Anyway, continuing from where I left off
"What's the big deal?" demanded Trinity, wanting the best deal possible.
"Sir" started Sgt. Phil.
"Don't call me sir'," Trinity reprimanded with a nervous look on her face, "you make me sound so masculine. Besides, I don't like that volume setting anyway." Sure enough, Trinity truly is a feminine creature. She's got a body to die for (heck people were throwing themselves off buildings they wanted her so badly. How this would help them accomplish this goal is beyond me) and her voice can only be described as ethereal.
"Ma'am"
"Dude, I've got a name. It's right here," Trinity said pulling out a nametag from her, uh, cleavage.
"And I'm SJ," said SJ since that is his name.

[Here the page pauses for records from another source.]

definition Ck_on :: "nat \<Rightarrow> real set \<Rightarrow> (real \<Rightarrow> real) \<Rightarrow> bool" where
  "Ck_on k S g \<longleftrightarrow> (\<exists>D :: nat \<Rightarrow> real \<Rightarrow> real. D 0 = g \<and>
      (\<forall>j<k. \<forall>x\<in>S. (D j has_real_derivative D (Suc j) x) (at x within S)) \<and>
      continuous_on S (D k))"

definition twice_diff_01 :: "(real \<Rightarrow> real) \<Rightarrow> bool" where
  "twice_diff_01 g \<longleftrightarrow> (\<forall>x\<in>{0<..<1}. (g has_real_derivative deriv g x) (at x) \<and>
      (deriv g has_real_derivative deriv (deriv g) x) (at x))"

definition bvp_solution :: "real \<Rightarrow> (real \<Rightarrow> real) \<Rightarrow> (real \<Rightarrow> real) \<Rightarrow> (real \<Rightarrow> real) \<Rightarrow> (real \<Rightarrow> real) \<Rightarrow> bool" where
  "bvp_solution \<epsilon> b c f u \<longleftrightarrow> continuous_on {0..1} u \<and> twice_diff_01 u \<and>
     (\<forall>x\<in>{0<..<1}. - \<epsilon> * deriv (deriv u) x - b x * deriv u x + c x * u x = f x) \<and>
     u 0 = 0 \<and> u 1 = 0"

definition reduced_solution :: "(real \<Rightarrow> real) \<Rightarrow> (real \<Rightarrow> real) \<Rightarrow> (real \<Rightarrow> real) \<Rightarrow> (real \<Rightarrow> real) \<Rightarrow> bool" where
  "reduced_solution b c f u0 \<longleftrightarrow> continuous_on {0..1} u0 \<and> twice_diff_01 u0 \<and>
     (\<forall>x\<in>{0<..<1}. - b x * deriv u0 x + c x * u0 x = f x) \<and> u0 1 = 0"

definition transition :: "real \<Rightarrow> real \<Rightarrow> real \<Rightarrow> real \<Rightarrow> real" where
  "transition \<beta> a \<epsilon> lam = (a * \<epsilon> / \<beta>) * ln lam"

definition mesh_pt :: "real \<Rightarrow> nat \<Rightarrow> nat \<Rightarrow> nat \<Rightarrow> real" where
  "mesh_pt \<xi> J N i = (if i \<le> J then real i * (\<xi> / real J)
                      else \<xi> + real (i - J) * ((1 - \<xi>) / real (N - J)))"

definition Dp :: "(nat \<Rightarrow> real) \<Rightarrow> (nat \<Rightarrow> real) \<Rightarrow> nat \<Rightarrow> real" where
  "Dp x U i = (U (Suc i) - U i) / (x (Suc i) - x i)"

definition Dm :: "(nat \<Rightarrow> real) \<Rightarrow> (nat \<Rightarrow> real) \<Rightarrow> nat \<Rightarrow> real" where
  "Dm x U i = (U i - U (i - 1)) / (x i - x (i - 1))"

definition hbar :: "(nat \<Rightarrow> real) \<Rightarrow> nat \<Rightarrow> real" where
  "hbar x i = ((x i - x (i - 1)) + (x (Suc i) - x i)) / 2"

definition D2 :: "(nat \<Rightarrow> real) \<Rightarrow> (nat \<Rightarrow> real) \<Rightarrow> nat \<Rightarrow> real" where
  "D2 x U i = (Dp x U i - Dm x U i) / hbar x i"

definition sigma :: "real \<Rightarrow> real" where
  "sigma \<rho> = (if \<rho> = 0 then 1 else 2 * \<rho> / (exp (2 * \<rho>) - 1))"

definition rho :: "real \<Rightarrow> (real \<Rightarrow> real) \<Rightarrow> (nat \<Rightarrow> real) \<Rightarrow> nat \<Rightarrow> real" where
  "rho \<epsilon> b x i = b (x i) * (x (Suc i) - x i) / (2 * \<epsilon>)"

definition LN :: "real \<Rightarrow> (real \<Rightarrow> real) \<Rightarrow> (real \<Rightarrow> real) \<Rightarrow> (nat \<Rightarrow> real) \<Rightarrow> (nat \<Rightarrow> real) \<Rightarrow> nat \<Rightarrow> real" where
  "LN \<epsilon> b c x U i = - \<epsilon> * sigma (rho \<epsilon> b x i) * D2 x U i - b (x i) * Dp x U i + c (x i) * U i"

definition tau :: "real \<Rightarrow> (real \<Rightarrow> real) \<Rightarrow> (nat \<Rightarrow> real) \<Rightarrow> (real \<Rightarrow> real) \<Rightarrow> nat \<Rightarrow> real" where
  "tau \<epsilon> b x g i = - \<epsilon> * sigma (rho \<epsilon> b x i) * D2 x (\<lambda>j. g (x j)) i
                    - b (x i) * Dp x (\<lambda>j. g (x j)) i
                    + \<epsilon> * deriv (deriv g) (x i) + b (x i) * deriv g (x i)"

end

theory Submission
  imports Defs
begin

text \<open>The grid error \<open>e = w\<^sup>N - W\<^sup>N\<close> vanishes at both ends of the mesh and
  \<open>L\<^sup>N e\<^sub>i = \<tau>\<^sub>i[w]\<close>. Since \<open>L\<^sup>N\<close> satisfies a discrete maximum principle on any
  mesh, \<open>|e| \<le> \<Phi>\<close> for every mesh function \<open>\<Phi> \<ge> 0\<close> with \<open>L\<^sup>N \<Phi> \<ge> |\<tau>[w]|\<close>.
  The barrier is \<open>C' \<eta>\<^sub>2 (1 - x)/\<beta>\<close> plus \<open>C' \<eta>\<^sub>1\<close> times a function with
  \<open>L\<^sup>N \<Phi> \<ge> 1/\<epsilon>\<close> on the fine part of the mesh, \<open>L\<^sup>N \<Phi> \<ge> 0\<close> elsewhere and
  \<open>\<Phi> = O(\<xi>/\<epsilon>) = O(ln \<lambda>)\<close>: linear on the fine part and geometrically decaying on the
  coarse part, or, when \<open>\<xi>\<close> is small compared with \<open>\<epsilon>\<close>, the quadratic
  \<open>(\<xi>\<^sup>2 - (\<xi> - x)\<^sup>2)/\<epsilon>\<^sup>2\<close>, whose size \<open>(\<xi>/\<epsilon>)\<^sup>2\<close> is then \<open>O(ln \<lambda>)\<close> as well.\<close>

section \<open>The difference operator\<close>

lemma LN_eq_Dm_Dp:
  "LN \<epsilon> b c x U i = \<epsilon> * sigma (rho \<epsilon> b x i) / hbar x i * Dm x U i
     - (\<epsilon> * sigma (rho \<epsilon> b x i) / hbar x i + b (x i)) * Dp x U i + c (x i) * U i"
  unfolding LN_def D2_def by (simp add: algebra_simps diff_divide_distrib)

lemma LN_linear:
  "LN \<epsilon> b c x (\<lambda>j. \<alpha> * U j + \<gamma> * V j) i = \<alpha> * LN \<epsilon> b c x U i + \<gamma> * LN \<epsilon> b c x V i"
  unfolding LN_eq_Dm_Dp Dm_def Dp_def
  by (simp add: algebra_simps diff_divide_distrib add_divide_distrib)

lemma LN_cong:
  assumes "U (i - 1) = V (i - 1)" and "U i = V i" and "U (Suc i) = V (Suc i)"
  shows "LN \<epsilon> b c x U i = LN \<epsilon> b c x V i"
  unfolding LN_eq_Dm_Dp Dm_def Dp_def using assms by simp

lemma Dp_quadratic:
  assumes "x i \<noteq> x (Suc i)"
  shows "Dp x (\<lambda>j. \<alpha> + \<gamma> * x j + \<delta> * (x j)\<^sup>2) i = \<gamma> + \<delta> * (x i + x (Suc i))"
proof -
  have "x (Suc i) - x i \<noteq> 0" using assms by simp
  then show ?thesis unfolding Dp_def by (simp add: field_simps power2_eq_square)
qed

lemma Dm_quadratic:
  assumes "x (i - 1) \<noteq> x i"
  shows "Dm x (\<lambda>j. \<alpha> + \<gamma> * x j + \<delta> * (x j)\<^sup>2) i = \<gamma> + \<delta> * (x (i - 1) + x i)"
proof -
  have "x i - x (i - 1) \<noteq> 0" using assms by simp
  then show ?thesis unfolding Dm_def by (simp add: field_simps power2_eq_square)
qed

lemma D2_quadratic:
  assumes "x (i - 1) < x i" and "x i < x (Suc i)"
  shows "D2 x (\<lambda>j. \<alpha> + \<gamma> * x j + \<delta> * (x j)\<^sup>2) i = 2 * \<delta>"
proof -
  have "D2 x (\<lambda>j. \<alpha> + \<gamma> * x j + \<delta> * (x j)\<^sup>2) i
      = ((\<gamma> + \<delta> * (x i + x (Suc i))) - (\<gamma> + \<delta> * (x (i - 1) + x i))) / hbar x i"
    unfolding D2_def using Dp_quadratic[of x i] Dm_quadratic[of x i] assms by simp
  also have "\<dots> = \<delta> * (x (Suc i) - x (i - 1)) / hbar x i" by (simp add: algebra_simps)
  also have "x (Suc i) - x (i - 1) = 2 * hbar x i" unfolding hbar_def by simp
  also have "hbar x i > 0" unfolding hbar_def using assms by simp
  then have "\<delta> * (2 * hbar x i) / hbar x i = 2 * \<delta>" by simp
  finally show ?thesis .
qed

lemma LN_quadratic:
  assumes "x (i - 1) < x i" and "x i < x (Suc i)"
  shows "LN \<epsilon> b c x (\<lambda>j. \<alpha> + \<gamma> * x j + \<delta> * (x j)\<^sup>2) i
    = - 2 * \<epsilon> * sigma (rho \<epsilon> b x i) * \<delta> - b (x i) * (\<gamma> + \<delta> * (x i + x (Suc i)))
      + c (x i) * (\<alpha> + \<gamma> * x i + \<delta> * (x i)\<^sup>2)"
  unfolding LN_def using D2_quadratic[OF assms] Dp_quadratic[of x i] assms by simp

lemma LN_nonneg_geometric:
  assumes "Dm x U i = - A" and "Dp x U i = - A * q" and "0 \<le> A" and "0 \<le> q"
    and "1 - q = t * q" and "\<epsilon> * sigma (rho \<epsilon> b x i) / hbar x i * t \<le> b (x i)"
    and "0 \<le> c (x i) * U i"
  shows "0 \<le> LN \<epsilon> b c x U i"
proof -
  define s where "s = \<epsilon> * sigma (rho \<epsilon> b x i) / hbar x i"
  have "LN \<epsilon> b c x U i = A * (b (x i) * q - s * (1 - q)) + c (x i) * U i"
    unfolding LN_eq_Dm_Dp s_def[symmetric] assms(1,2) by (simp add: algebra_simps)
  also have "\<dots> = A * q * (b (x i) - s * t) + c (x i) * U i"
    unfolding assms(5) by (simp add: algebra_simps)
  finally show ?thesis using assms(3,4,6,7) unfolding s_def[symmetric] by simp
qed

lemma LN_grid_eq_tau:
  "LN \<epsilon> b c x (\<lambda>j. g (x j)) i = tau \<epsilon> b x g i
     + (- \<epsilon> * deriv (deriv g) (x i) - b (x i) * deriv g (x i) + c (x i) * g (x i))"
  unfolding LN_def tau_def by simp

lemma sigma_pos: "0 < \<rho> \<Longrightarrow> 0 < sigma \<rho>"
  unfolding sigma_def using exp_gt_one[of "2 * \<rho>"] by auto

lemma sigma_le_1:
  assumes "0 < \<rho>"
  shows "sigma \<rho> \<le> 1"
proof -
  have "2 * \<rho> \<le> exp (2 * \<rho>) - 1" using exp_ge_add_one_self[of "2 * \<rho>"] by linarith
  then show ?thesis unfolding sigma_def using assms exp_gt_one[of "2 * \<rho>"] by auto
qed

lemma sigma_ge_3_4:
  assumes "0 < \<rho>" and "\<rho> \<le> 1/8"
  shows "3/4 \<le> sigma \<rho>"
proof -
  have "exp (2 * \<rho>) \<le> 1 + 2 * \<rho> + (2 * \<rho>)\<^sup>2" using exp_bound[of "2 * \<rho>"] assms by auto
  moreover have "(2 * \<rho>)\<^sup>2 \<le> 2 * \<rho> / 3" using assms by (simp add: power2_eq_square)
  ultimately have "exp (2 * \<rho>) - 1 \<le> 8/3 * \<rho>" by linarith
  moreover have "0 < exp (2 * \<rho>) - 1" using exp_gt_one[of "2 * \<rho>"] assms by simp
  ultimately show ?thesis unfolding sigma_def using assms by (simp add: field_simps)
qed

section \<open>Discrete maximum principle\<close>

text \<open>At the first index where a negative minimum is attained, the \<open>Dm\<close> term of \<open>LN\<close> is
  negative and the other two are nonpositive.\<close>
lemma LN_nonneg_imp_nonneg:
  assumes eps: "0 < \<epsilon>" and mono: "\<And>i. i < N \<Longrightarrow> x i < x (Suc i)"
    and coeffs: "\<And>i. 1 \<le> i \<Longrightarrow> i < N \<Longrightarrow> 0 < b (x i) \<and> 0 \<le> c (x i)"
    and bdry: "0 \<le> Z 0" "0 \<le> Z N"
    and L: "\<And>i. 1 \<le> i \<Longrightarrow> i < N \<Longrightarrow> 0 \<le> LN \<epsilon> b c x Z i"
    and "i \<le> N"
  shows "0 \<le> Z i"
proof (rule ccontr)
  assume "\<not> 0 \<le> Z i"
  define m where "m = Min (Z ` {..N})"
  have m_le: "m \<le> Z j" if "j \<le> N" for j unfolding m_def using that by simp
  have m_neg: "m < 0" using m_le[OF \<open>i \<le> N\<close>] \<open>\<not> 0 \<le> Z i\<close> by simp
  have "m \<in> Z ` {..N}" unfolding m_def by (intro Min_in) auto
  then have ex: "\<exists>k. k \<le> N \<and> Z k = m" by auto
  define k where "k = (LEAST k. k \<le> N \<and> Z k = m)"
  have k: "k \<le> N" "Z k = m" using LeastI_ex[OF ex] unfolding k_def by auto
  have "k \<noteq> 0" "k \<noteq> N" using bdry k m_neg by (cases "k = 0"; auto)+
  then have k_int: "1 \<le> k" "k < N" using k by auto
  have "k - 1 < k" using k_int by simp
  then have "\<not> (k - 1 \<le> N \<and> Z (k - 1) = m)" unfolding k_def by (rule not_less_Least)
  then have left: "Z (k - 1) > Z k" using m_le[of "k - 1"] k by fastforce
  have right: "Z (Suc k) \<ge> Z k" using m_le[of "Suc k"] k k_int by simp
  have steps: "x (k - 1) < x k" "x k < x (Suc k)" using mono[of "k - 1"] mono[of k] k_int by auto
  have bc: "0 < b (x k)" "0 \<le> c (x k)" using coeffs k_int by auto
  have "0 < rho \<epsilon> b x k" unfolding rho_def using bc steps eps by simp
  moreover have "0 < hbar x k" unfolding hbar_def using steps by simp
  ultimately have s: "0 < \<epsilon> * sigma (rho \<epsilon> b x k) / hbar x k" using sigma_pos eps by simp
  have "Dm x Z k < 0" unfolding Dm_def using left steps by (simp add: divide_neg_pos)
  then have "\<epsilon> * sigma (rho \<epsilon> b x k) / hbar x k * Dm x Z k < 0" using s mult_pos_neg by blast
  moreover have "0 \<le> Dp x Z k" unfolding Dp_def using right steps by simp
  then have "0 \<le> (\<epsilon> * sigma (rho \<epsilon> b x k) / hbar x k + b (x k)) * Dp x Z k" using s bc by simp
  moreover have "c (x k) * Z k \<le> 0" using bc k m_neg by (simp add: mult_nonneg_nonpos)
  ultimately have "LN \<epsilon> b c x Z k < 0" unfolding LN_eq_Dm_Dp by linarith
  then show False using L k_int by fastforce
qed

"Trinity," Phil said in a somewhat exasperated sort of way, "I must arrest your husband for violating the Limb Law."
"What's that supposed to mean?" asked SJ, a bit taken back 5 spaces.

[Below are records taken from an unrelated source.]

(* Let $\mathcal{J}$ be a finite set of content points and fix a provider $k$ with skill beliefs $\widetilde{S}_k=(\widetilde{s}_{k,j})_{j\in\mathcal{J}}$, $\widetilde{s}_{k,j}\in(0,1]$, and audience beliefs $\widetilde{A}_k=(\widetilde{a}_{k,j})_{j\in\mathcal{J}}$, $\widetilde{a}_{k,j}\ge 0$. For $j\in\mathcal{J}$ and trust $\lambda\in(0,1]$ define $$\phi(j;\lambda,\widetilde{S}_k,\widetilde{A}_k)=\max\left\{\frac{1}{\lambda}\left(\frac{\widetilde{s}_{k,\ell}\,\widetilde{a}_{k,\ell}}{\widetilde{s}_{k,j}}-(1-\lambda)\widetilde{a}_{k,j}\right):\ \ell\in\mathcal{J},\ \widetilde{s}_{k,\ell}\widetilde{a}_{k,\ell}>\widetilde{s}_{k,j}\widetilde{a}_{k,j}\right\}.$$ Then for every $j\in\mathcal{J}$ and all trust values $\lambda\ge\lambda'$ in $(0,1]$, $\phi(j;\lambda,\widetilde{S}_k,\widetilde{A}_k)\le\phi(j;\lambda',\widetilde{S}_k,\widetilde{A}_k)$.
   Context: Interpretation: $\phi(j;\lambda,\widetilde{S}_k,\widetilde{A}_k)$ is the minimum promised audience a recommender system must commit to provider $k$ so that, when $k$ updates its audience belief at $j$ to $(1-\lambda)\widetilde{a}_{k,j}+\lambda C$ upon receiving a promise $C$ and chooses the point maximizing $\widetilde{s}_{k,\cdot}\widetilde{a}_{k,\cdot}$, point $j$ becomes $k$'s best response. *)

theory Defs
  imports Main "HOL.Real"
begin

definition better_points :: "'j set \<Rightarrow> ('j \<Rightarrow> real) \<Rightarrow> ('j \<Rightarrow> real) \<Rightarrow> 'j \<Rightarrow> 'j set" where
  "better_points J s a j = {l \<in> J. s l * a l > s j * a j}"

text \<open>When no point is strictly
  better than j the maximum is over the empty set; we fix the convention 0
  (j is then already a best response; the convention is the same for every lambda).\<close>
definition phi :: "'j set \<Rightarrow> 'j \<Rightarrow> real \<Rightarrow> ('j \<Rightarrow> real) \<Rightarrow> ('j \<Rightarrow> real) \<Rightarrow> real" where
  "phi J j lam s a =
     (if better_points J s a j = {} then 0
      else Max ((\<lambda>l. (1 / lam) * (s l * a l / s j - (1 - lam) * a j)) ` better_points J s a j))"

end

theory Submission
  imports Defs
begin

text \<open>Each term of the maximum defining phi can be written as (c - y) / lam + y with
  c = s l * a l / s j and y = a j. For a point l strictly better than j we have c > y, so
  every term decreases in the trust lam, and hence so does their maximum over the
  (lam-independent) set of better points.\<close>

lemma Max_image_le_Max_image:
  fixes f g :: "'a \<Rightarrow> 'b :: linorder"
  assumes "finite B" "B \<noteq> {}" "\<And>x. x \<in> B \<Longrightarrow> f x \<le> g x"
  shows "Max (f ` B) \<le> Max (g ` B)"
proof (rule Max.boundedI)
  fix y assume "y \<in> f ` B"
  then obtain x where "x \<in> B" "y = f x" by blast
  then show "y \<le> Max (g ` B)"
    using assms by (metis Max_ge finite_imageI image_eqI order_trans)
qed (use assms in auto)

lemma promise_term_antimono_trust:
  fixes c y lam lam' :: real
  assumes "y < c" "0 < lam'" "lam' \<le> lam"
  shows "(1 / lam) * (c - (1 - lam) * y) \<le> (1 / lam') * (c - (1 - lam') * y)"
proof -
  have "(1 / lam) * (c - (1 - lam) * y) = (c - y) / lam + y"
    and "(1 / lam') * (c - (1 - lam') * y) = (c - y) / lam' + y"
    using assms by (simp_all add: field_simps)
  moreover have "(c - y) / lam \<le> (c - y) / lam'"
    using assms by (intro divide_left_mono) auto
  ultimately show ?thesis by simp
qed

lemma phi_antimono_trust:
  assumes "finite J" "0 < s j" "0 < lam'" "lam' \<le> lam"
  shows "phi J j lam s a \<le> phi J j lam' s a"
proof (cases "better_points J s a j = {}")
  case True
  then show ?thesis by (simp add: phi_def)
next
  case False
  have "finite (better_points J s a j)"
    using assms(1) by (simp add: better_points_def)
  moreover have "a j < s l * a l / s j" if "l \<in> better_points J s a j" for l
    using that assms(2) by (simp add: better_points_def field_simps)
  ultimately show ?thesis
    using False assms(3,4)
    by (simp only: phi_def if_False) (intro Max_image_le_Max_image promise_term_antimono_trust)
qed

theorem lemma1:
  fixes J :: "'j set" and s a :: "'j \<Rightarrow> real" and j :: 'j and lam lam' :: real
  assumes "finite J"
    and "\<And>l. l \<in> J \<Longrightarrow> 0 < s l \<and> s l \<le> 1"
    and "\<And>l. l \<in> J \<Longrightarrow> 0 \<le> a l"
    and "j \<in> J"
    and "0 < lam'" and "lam' \<le> lam" and "lam \<le> 1"
  shows "phi J j lam s a \<le> phi J j lam' s a"
  using assms(1,4,5,6) assms(2)[OF assms(4)] by (intro phi_antimono_trust) auto

end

"Your hands and feet aren't attached to your body!"
"But what about Rayman, the video game character?"
"He's licensed".
"Well I'm not going with you," said SJ, taking his wife's hand and promising to put it back when he was done with it.

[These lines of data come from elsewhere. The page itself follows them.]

(* Let $k>t+1$, $n>2k-t$, and let $\mathcal{S}_a$ be a maximal set of $k$-spaces in $\mathrm{AG}(n,q)$ pairwise intersecting in at least a $t$-space. Let $\psi(\mathcal{S}_a)=\min\{\dim T: T\text{ an affine subspace of }\mathrm{AG}(n,q),\ \dim(T\cap\alpha)\geq t\ \forall\alpha\in\mathcal{S}_a\}$ and let $\mathcal{T}$ be the set of all affine $\psi(\mathcal{S}_a)$-dimensional subspaces meeting every element of $\mathcal{S}_a$ in at least a $t$-space. Then: (1) $t\leq\psi(\mathcal{S}_a)\leq k$, and if $\psi(\mathcal{S}_a)=t$ then $\mathcal{S}_a$ is a $t$-pencil; (2) if $T\in\mathcal{T}$, all affine $k$-spaces containing $T$ belong to $\mathcal{S}_a$; (3) any two elements of $\mathcal{T}$ intersect (in $\mathrm{AG}(n,q)$) in at least a $t$-space.
   Context: Affine subspaces intersect in at least a $t$-space if their affine intersection has dimension at least $t$. A $t$-pencil is the set of all affine $k$-spaces through a fixed affine $t$-space. Maximal means no further affine $k$-space can be added keeping the property. *)

theory Defs
  imports "HOL-Analysis.Analysis"
begin

text \<open>The affine space AG(n,q): points are vectors in 'a^'n, where 'a is a finite
field (q = CARD('a)) and n = CARD('n).\<close>

definition aff_subspace :: "('a::field ^ 'n) set \<Rightarrow> bool" where
  "aff_subspace S \<longleftrightarrow> (\<exists>x V. vec.subspace V \<and> S = (\<lambda>v. x + v) ` V)"

definition aff_dimension :: "('a::field ^ 'n) set \<Rightarrow> nat" where
  "aff_dimension S = vec.dim {a - b | a b. a \<in> S \<and> b \<in> S}"

definition kspace :: "nat \<Rightarrow> ('a::field ^ 'n) set \<Rightarrow> bool" where
  "kspace k S \<longleftrightarrow> aff_subspace S \<and> aff_dimension S = k"

definition meets_in :: "nat \<Rightarrow> ('a::field ^ 'n) set \<Rightarrow> ('a ^ 'n) set \<Rightarrow> bool" where
  "meets_in t A B \<longleftrightarrow> A \<inter> B \<noteq> {} \<and> aff_dimension (A \<inter> B) \<ge> t"

definition pencil :: "nat \<Rightarrow> ('a::field ^ 'n) set \<Rightarrow> ('a ^ 'n) set set" where
  "pencil k P = {A. kspace k A \<and> P \<subseteq> A}"

definition maximal_tint_family :: "nat \<Rightarrow> nat \<Rightarrow> ('a::field ^ 'n) set set \<Rightarrow> bool" where
  "maximal_tint_family k t S \<longleftrightarrow>
     (\<forall>A\<in>S. kspace k A) \<and>
     (\<forall>A\<in>S. \<forall>B\<in>S. meets_in t A B) \<and>
     (\<forall>A. kspace k A \<and> A \<notin> S \<longrightarrow> (\<exists>B\<in>S. \<not> meets_in t A B))"

definition psi :: "nat \<Rightarrow> ('a::field ^ 'n) set set \<Rightarrow> nat" where
  "psi t S = (LEAST d. \<exists>T. aff_subspace T \<and> aff_dimension T = d \<and> (\<forall>A\<in>S. meets_in t T A))"

definition Tset :: "nat \<Rightarrow> ('a::field ^ 'n) set set \<Rightarrow> ('a ^ 'n) set set" where
  "Tset t S = {T. kspace (psi t S) T \<and> (\<forall>A\<in>S. meets_in t T A)}"

end

theory Submission
  imports Defs
begin

(* By maximality, a k-space lies in S as soon as it meets every member of S in at least a
   t-space; so every k-space through a member of Tset lies in S, which is (2). If psi = t,
   a t-space meeting every member of S in a t-space is contained in each of them, and S is
   the pencil through it. For (3), suppose T1, T2 in Tset (of dimension psi <= k) meet in
   less than a t-space. Then they extend to k-spaces A1, A2 that still do: if T1, T2 are
   disjoint, extend them inside translates of one hyperplane not containing the difference
   of their base points; otherwise extend their directions one vector at a time in general
   position, so that the directions meet in dimension at most
   max(dim(T1 \<inter> T2), 2k - n) < t, using n > 2k - t. By (2), A1 and A2 are in S,
   contradicting that S is t-intersecting. *)

context vector_space
begin

lemma subset_subspace_sums:
  assumes "subspace S" "subspace T"
  shows "S \<subseteq> {x + y |x y. x \<in> S \<and> y \<in> T}" "T \<subseteq> {x + y |x y. x \<in> S \<and> y \<in> T}"
proof -
  show "S \<subseteq> {x + y |x y. x \<in> S \<and> y \<in> T}"
    using subspace_0[OF assms(2)] by (metis (mono_tags, lifting) add.right_neutral mem_Collect_eq subsetI)
  show "T \<subseteq> {x + y |x y. x \<in> S \<and> y \<in> T}"
    using subspace_0[OF assms(1)] by (metis (mono_tags, lifting) add.left_neutral mem_Collect_eq subsetI)
qed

"Where do you think your going?" shouted Phil, reaching into one of his pockets.
"We're going home," said Trinity. Phil pulled out his freeze gun and aimed it at SJ and pulled the trigger. But SJ deflected the shot with little ease. Little Ease wasn't quite sure what he was doing here but he was determined to figure this out. When SJ and Trinity got home to there toyfactory, it was almost dinner time. But before they could even sit down at one of the cafeteria tables (that is in the factory's cafeteria) a voice was heard over intricate intercom made of paper cups and string.
"Trinity, Trinity," it said, "your presence is requested in the production plant." Noting the urgency in the intercom's voice, Trinity grabbed up her husband and dashed for the production plant.
"What's the problem?" SJ asked when the two arrived in the plant, which actually took a long time since stem cells are very resistant to cutting, which means that kicking them off the football team is not an option.
"I said, What's the problem?'" SJ gritted, annoyed by my senseless ramblings.
"Some of the workers are rising up in mutiny and bumping their heads on the ceiling," said the intercom.
"Surrender SJ, or I'll send this place into the dirt," called out a voice that sounded a lot like Sgt. Phil's.
"If that's Phil, then I'm going to screw the plot and improvise something," said SJ. Of course it was Phil. "Alright, screw this plot."